[Date Prev][Date Next] [Chronological] [Thread] [Top]

Re: (ITS#6920) OpenLDAP 2.4.25 / Berkeley DB 4.8.30 Solaris 10 x86 slapd hangs



At Thu, 28 Apr 2011 18:05:43 GMT,
mslby@deshaw.com wrote:
> My company uses OpenLDAP 2.4.25 with Berkeley DB 4.8.30 compiled on Solaris
> 10 x86 using Sun Studio. OpenLDAP is used as the backend for generic naming
> services (passwd, group, netgroup etc?) as well as holding mail routing and
> some custom data. We have master and slave servers and are using syncrepl
> refresh and persist.

Are you using Solaris nss_ldap and ldap_cachemgr(1M) on your
Solaris 10 with OpenLDAP slapd? If so, Solaris libldap.so breaks
your slapd process as the following scenario:

  (1) slapd calls some name service functions, e.g. getpwnam(3C).
  (2) Solaris nss_ldap (/usr/lib/nss_ldap.so.1) is loaded.
  (3) Solaris libldap.so (/usr/lib/libldap.so.5) is loaded.
  (4) Solaris libldap.so overrides ldap_*() and ber_*() functions
      in slapd (or OpenLDAP libldap_r.so and liblber.so).
  (5) OpenLDAP calls ldap_*() and ber_*() functions that are
      belong to Solaris libldap.so, not OpenLDAP's one.

See also:

  http://www.openldap.org/lists/openldap-technical/200902/msg00000.html
  https://bugzilla.mozilla.org/show_bug.cgi?id=292127
  http://bugzilla.padl.com/show_bug.cgi?id=203

-- 
-- Name: SATOH Fumiyasu (fumiyas @ osstech co jp)
-- Business Home: http://www.OSSTech.co.jp/
-- Personal Home: http://www.SFO.jp/blog/

> Lately we have been experiencing hangs with slapd and I cannot figure out
> what the cause is.
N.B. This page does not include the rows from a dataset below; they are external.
(* Let $\mathbb{P}_\omega$ be a centred least-squares problem with $r<n$ in simplified form. If $\mathbb{P}_\omega$ admits an essentially perfect solution, then $B$ is indefinite (has both a positive and a negative eigenvalue).
   Context: For real symmetric $n\times n$ $A\neq O$ (positive semidefinite) and $B$, $t,b\in\mathbb{R}^n$, $k\in\mathbb{R}$, problem $\mathbb{P}_\omega$ minimises $L(x)=(x-t)^\top A(x-t)$ over the nonempty set $X=\{x:x^\top Bx+2b^\top x-k=0\}$, with $\underline L=\inf_XL$. Centred least-squares with $r<n$: $t=0$, $A=\operatorname{diag}(I_r,O_{n-r})$, $1\le r<n$. Simplified form: for some $0\le s_0\le n-r$ and nonsingular diagonal $s_0\times s_0$ $\Gamma_0$, $B=\begin{pmatrix}B_{11}&C_{10}&O\\C_{10}^\top&O_{n-r-s_0}&O\\O&O&\Gamma_0\end{pmatrix}$ (block sizes $r,n-r-s_0,s_0$; empty blocks absent). $\mathbb{P}_\omega$ admits an essentially perfect solution if $L(x)>0$ for all $x\in X$ but $\underline L=0$. *)

theory Defs
  imports Complex_Main "Jordan_Normal_Form.Char_Poly"
begin

definition objL :: "real mat \<Rightarrow> real vec \<Rightarrow> real vec \<Rightarrow> real" where
  "objL A t x = (x - t) \<bullet> (A *\<^sub>v (x - t))"

definition feasX :: "nat \<Rightarrow> real mat \<Rightarrow> real vec \<Rightarrow> real \<Rightarrow> real vec set" where
  "feasX n B b k = {x \<in> carrier_vec n. x \<bullet> (B *\<^sub>v x) + 2 * (b \<bullet> x) - k = 0}"

definition ess_perfect :: "nat \<Rightarrow> real mat \<Rightarrow> real vec \<Rightarrow> real mat \<Rightarrow> real vec \<Rightarrow> real \<Rightarrow> bool" where
  "ess_perfect n A t B b k \<longleftrightarrow>
     (\<forall>x \<in> feasX n B b k. objL A t x > 0) \<and> Inf (objL A t ` feasX n B b k) = 0"

definition lsqA :: "nat \<Rightarrow> nat \<Rightarrow> real mat" where
  "lsqA n r = mat n n (\<lambda>(i, j). if i = j \<and> i < r then 1 else 0)"

text \<open>Simplified form of B with block sizes r, n-r-s0, s0.\<close>
definition simplified_form :: "nat \<Rightarrow> nat \<Rightarrow> nat \<Rightarrow> real mat \<Rightarrow> bool" where
  "simplified_form n r s0 B \<longleftrightarrow>
     s0 \<le> n - r \<and>
     (\<forall>i<n. \<forall>j<n. r \<le> i \<and> i < n - s0 \<and> r \<le> j \<and> j < n - s0 \<longrightarrow> B $$ (i, j) = 0) \<and>
     (\<forall>i<n. \<forall>j<n. i < n - s0 \<and> n - s0 \<le> j \<longrightarrow> B $$ (i, j) = 0) \<and>
     (\<forall>i<n. \<forall>j<n. n - s0 \<le> i \<and> j < n - s0 \<longrightarrow> B $$ (i, j) = 0) \<and>
     (\<forall>i<n. \<forall>j<n. n - s0 \<le> i \<and> n - s0 \<le> j \<and> i \<noteq> j \<longrightarrow> B $$ (i, j) = 0) \<and>
     (\<forall>i<n. n - s0 \<le> i \<longrightarrow> B $$ (i, i) \<noteq> 0)"

end

theory Submission
  imports Defs "HOL-Analysis.Function_Topology"
begin

text \<open>Write \<open>x = (y, z)\<close> with \<open>y\<close> the first \<open>r\<close> coordinates, so that \<open>L x = |y|\<^sup>2\<close>. If the block
  \<open>C\<^sub>1\<^sub>0\<close> vanishes, the constraint splits as \<open>q(y) + H(z) = 0\<close> with \<open>q(y) = O(|y|)\<close> for small
  \<open>y\<close>. Completing squares in the diagonal block \<open>\<Gamma>\<^sub>0\<close> shows that \<open>H\<close> either vanishes somewhere, giving a
  feasible point with \<open>L = 0\<close>, or is bounded away from zero, which bounds \<open>|y|\<close> below on the feasible
  set; neither is compatible with an essentially perfect solution. So some \<open>B i j \<noteq> 0\<close> with \<open>i\<close> a
  head and \<open>j\<close> a middle index, where \<open>B j j = 0\<close>; the form of \<open>B\<close> is then indefinite on the plane of
  these two coordinates, and maximising it (or its negative) over the unit ball produces a positive
  (negative) eigenvalue.\<close>

text \<open>Quadratic forms are handled on coefficient functions \<open>nat \<Rightarrow> real\<close>, of which only the first \<open>n\<close>
  values matter; this avoids dimension bookkeeping when splitting coordinates.\<close>

definition quad_form :: "nat \<Rightarrow> (nat \<Rightarrow> nat \<Rightarrow> real) \<Rightarrow> (nat \<Rightarrow> real) \<Rightarrow> real" where
  "quad_form n m f = (\<Sum>i<n. \<Sum>j<n. f i * m i j * f j)"

lemma quad_form_scalar_prod:
  assumes "B \<in> carrier_mat n n" "x \<in> carrier_vec n"
  shows "x \<bullet> (B *\<^sub>v x) = quad_form n (\<lambda>i j. B $$ (i, j)) (\<lambda>i. x $ i)"
proof -
  have "x \<bullet> (B *\<^sub>v x) = (\<Sum>i<n. x $ i * (\<Sum>j<n. B $$ (i, j) * x $ j))"
    using assms by (simp add: scalar_prod_def atLeast0LessThan row_def)
  then show ?thesis
    unfolding quad_form_def by (simp add: sum_distrib_left mult.assoc)
qed

lemma quad_form_cong: "(\<And>i. i < n \<Longrightarrow> f i = g i) \<Longrightarrow> quad_form n m f = quad_form n m g"
  unfolding quad_form_def by simp

lemma quad_form_zero [simp]: "quad_form n m (\<lambda>_. 0) = 0"
  unfolding quad_form_def by simp

lemma quad_form_scale: "quad_form n m (\<lambda>i. a * f i) = a\<^sup>2 * quad_form n m f"
  unfolding quad_form_def by (simp add: sum_distrib_left power2_eq_square algebra_simps)

lemma quad_form_uminus_coeffs: "quad_form n (\<lambda>i j. - m i j) f = - quad_form n m f"
  unfolding quad_form_def by (simp add: sum_negf)

lemma quad_form_eq_row_sums: "quad_form n m f = (\<Sum>i<n. f i * (\<Sum>j<n. m i j * f j))"
  unfolding quad_form_def by (simp add: sum_distrib_left mult.assoc)

lemma quad_form_add_scaled:
  assumes sym: "\<And>i j. i < n \<Longrightarrow> j < n \<Longrightarrow> m i j = m j i"
  shows "quad_form n m (\<lambda>i. v i + s * w i) =
    quad_form n m v + 2 * s * (\<Sum>i<n. w i * (\<Sum>j<n. m i j * v j)) + s\<^sup>2 * quad_form n m w"
proof -
  have swap: "(\<Sum>i<n. \<Sum>j<n. v i * m i j * w j) = (\<Sum>i<n. \<Sum>j<n. w i * m i j * v j)"
    by (subst sum.swap) (auto intro!: sum.cong simp: sym)
  have "quad_form n m (\<lambda>i. v i + s * w i) =
      quad_form n m v + s * (\<Sum>i<n. \<Sum>j<n. v i * m i j * w j)
        + s * (\<Sum>i<n. \<Sum>j<n. w i * m i j * v j) + s\<^sup>2 * quad_form n m w"
    unfolding quad_form_def
    by (simp add: sum.distrib sum_distrib_left algebra_simps power2_eq_square)
  also have "\<dots> = quad_form n m v + 2 * s * (\<Sum>i<n. \<Sum>j<n. w i * m i j * v j) + s\<^sup>2 * quad_form n m w"
    by (simp add: swap)
  finally show ?thesis
    by (simp add: sum_distrib_left mult.assoc)
qed

text \<open>Otherwise moving a little along the image direction would make the form negative.\<close>

lemma psd_quad_form_zero_imp_kernel:
  assumes sym: "\<And>i j. i < n \<Longrightarrow> j < n \<Longrightarrow> m i j = m j i"
    and psd: "\<And>f. 0 \<le> quad_form n m f"
    and zero: "quad_form n m v = 0"
    and "i < n"
  shows "(\<Sum>j<n. m i j * v j) = 0"
proof -
  define w where "w i = (\<Sum>j<n. m i j * v j)" for i
  define N where "N = (\<Sum>i<n. (w i)\<^sup>2)"
  define c where "c = quad_form n m w"
  have c0: "c \<ge> 0" using psd c_def by simp
  have N0: "N \<ge> 0" unfolding N_def by (simp add: sum_nonneg)
  have along: "0 \<le> t\<^sup>2 * c - 2 * t * N" for t
    using psd[of "\<lambda>i. v i + (- t) * w i"] quad_form_add_scaled[of n m v "- t" w, OF sym] zero
    by (simp add: N_def c_def power2_eq_square w_def)
  have "N = 0"
  proof (rule ccontr)
    assume "N \<noteq> 0"
    with N0 have "N > 0" by simp
    define t where "t = N / (c + 1)"
    have "t > 0" using \<open>N > 0\<close> c0 t_def by simp
    moreover have "0 \<le> t * (t * c - 2 * N)"
      using along[of t] by (simp add: power2_eq_square algebra_simps)
    ultimately have "2 * N \<le> t * c" by (simp add: zero_le_mult_iff)
    moreover have "t * c \<le> N" unfolding t_def using \<open>N > 0\<close> c0 by (simp add: field_simps)
    ultimately show False using \<open>N > 0\<close> by linarith
  qed
  then have "\<forall>i\<in>{..<n}. (w i)\<^sup>2 = 0"
    unfolding N_def by (subst sum_nonneg_eq_0_iff[symmetric]) auto
  then show ?thesis using \<open>i < n\<close> unfolding w_def by simp
qed

lemma compact_coord_unit_ball:
  "compact {f :: nat \<Rightarrow> real. (\<forall>i\<ge>n. f i = 0) \<and> (\<Sum>i<n. (f i)\<^sup>2) \<le> 1}"
proof -
  define S :: "(nat \<Rightarrow> real) set" where "S = PiE UNIV (\<lambda>i. if i < n then {-1..1} else {0})"
  have "compactin (product_topology (\<lambda>i. euclidean) UNIV) S"
    unfolding S_def by (subst compactin_PiE) (auto simp: compactin_euclidean_iff)
  then have "compact S" by (simp add: euclidean_product_topology compactin_euclidean_iff)
  moreover have "closed {f :: nat \<Rightarrow> real. (\<Sum>i<n. (f i)\<^sup>2) \<le> 1}"
    by (intro closed_Collect_le continuous_intros) auto
  moreover have "{f. (\<forall>i\<ge>n. f i = 0) \<and> (\<Sum>i<n. (f i)\<^sup>2) \<le> 1} = S \<inter> {f. (\<Sum>i<n. (f i)\<^sup>2) \<le> 1}"
  proof -
    have "\<bar>f i\<bar> \<le> 1" if "(\<Sum>i<n. (f i)\<^sup>2) \<le> 1" "i < n" for f :: "nat \<Rightarrow> real" and i
    proof -
      have "(f i)\<^sup>2 \<le> (\<Sum>i<n. (f i)\<^sup>2)"
        by (rule member_le_sum) (use that in auto)
      with that(1) show ?thesis by (metis abs_square_le_1 order_trans)
    qed
    then show ?thesis unfolding S_def
      by (auto simp: PiE_iff not_less abs_le_iff) (metis not_less singletonD)
  qed
  ultimately show ?thesis using compact_Int_closed by simp
qed

lemma quad_form_max_on_unit_ball:
  "\<exists>v. (\<Sum>i<n. (v i)\<^sup>2) \<le> 1 \<and> (\<forall>f. quad_form n m f \<le> quad_form n m v * (\<Sum>i<n. (f i)\<^sup>2))"
proof -
  define N where "N f = (\<Sum>i<n. (f i)\<^sup>2)" for f :: "nat \<Rightarrow> real"
  define K where "K = {f :: nat \<Rightarrow> real. (\<forall>i\<ge>n. f i = 0) \<and> N f \<le> 1}"
  have "compact K" "(\<lambda>_. 0) \<in> K"
    using compact_coord_unit_ball[of n] unfolding K_def N_def by auto
  have "continuous_on UNIV (\<lambda>f :: nat \<Rightarrow> real. f i)" for i
    by simp
  then have "continuous_on UNIV (quad_form n m)"
    unfolding quad_form_def by (intro continuous_intros)
  then have "continuous_on K (quad_form n m)"
    by (rule continuous_on_subset) simp
  then obtain v where "v \<in> K" and vmax: "\<And>f. f \<in> K \<Longrightarrow> quad_form n m f \<le> quad_form n m v"
    using continuous_attains_sup[OF \<open>compact K\<close>] \<open>(\<lambda>_. 0) \<in> K\<close> by blast
  have "quad_form n m f \<le> quad_form n m v * N f" for f
  proof (cases "N f = 0")
    case True
    then have "\<forall>i\<in>{..<n}. (f i)\<^sup>2 = 0"
      unfolding N_def by (subst sum_nonneg_eq_0_iff[symmetric]) auto
    then have "quad_form n m f = 0"
      using quad_form_cong[of n f "\<lambda>_. 0" m] by simp
    then show ?thesis using True by simp
  next
    case False
    moreover have "N f \<ge> 0" unfolding N_def by (simp add: sum_nonneg)
    ultimately have Npos: "N f > 0" by simp
    define g where "g i = (if i < n then f i / sqrt (N f) else 0)" for i
    have "N g = N f / (sqrt (N f))\<^sup>2"
      unfolding N_def g_def by (simp add: power_divide sum_divide_distrib)
    with Npos have "g \<in> K" unfolding K_def g_def by simp
    then have "quad_form n m g \<le> quad_form n m v" by (rule vmax)
    moreover have "quad_form n m g = (1 / sqrt (N f))\<^sup>2 * quad_form n m f"
      by (subst quad_form_scale[symmetric]) (rule quad_form_cong, simp add: g_def)
    ultimately show ?thesis using Npos by (simp add: field_simps)
  qed
  moreover have "N v \<le> 1" using \<open>v \<in> K\<close> K_def by simp
  ultimately show ?thesis unfolding N_def by blast
qed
Things will be humming along and then slapd will simply
> stop accepting connections and answering any requests for reads/writes. We
> have set the loglevel to 256 and there is nothing in the logs that
> indicates what the issue it. At the time that the process goes catatonic all
> syslogs from slapd stop
> 
> I have not found a way to reproduce this on demand.
> 
> Today we have had three hangs and the truss ouput is exactly the same on
> all process. Once the slapd process gets in this state a simple kill does
> not work. The syslog always says that slapd is waiting for tasks to
> complete but this never happens. I need to kill -9 the pid.
> 
> I am going to include all of the debug info that I have collected and
> hopefully someone will have some idea what is going on. I also have a gcore
> of the process if anyone wants and info from that
> 
> All and any help is greatly appreciated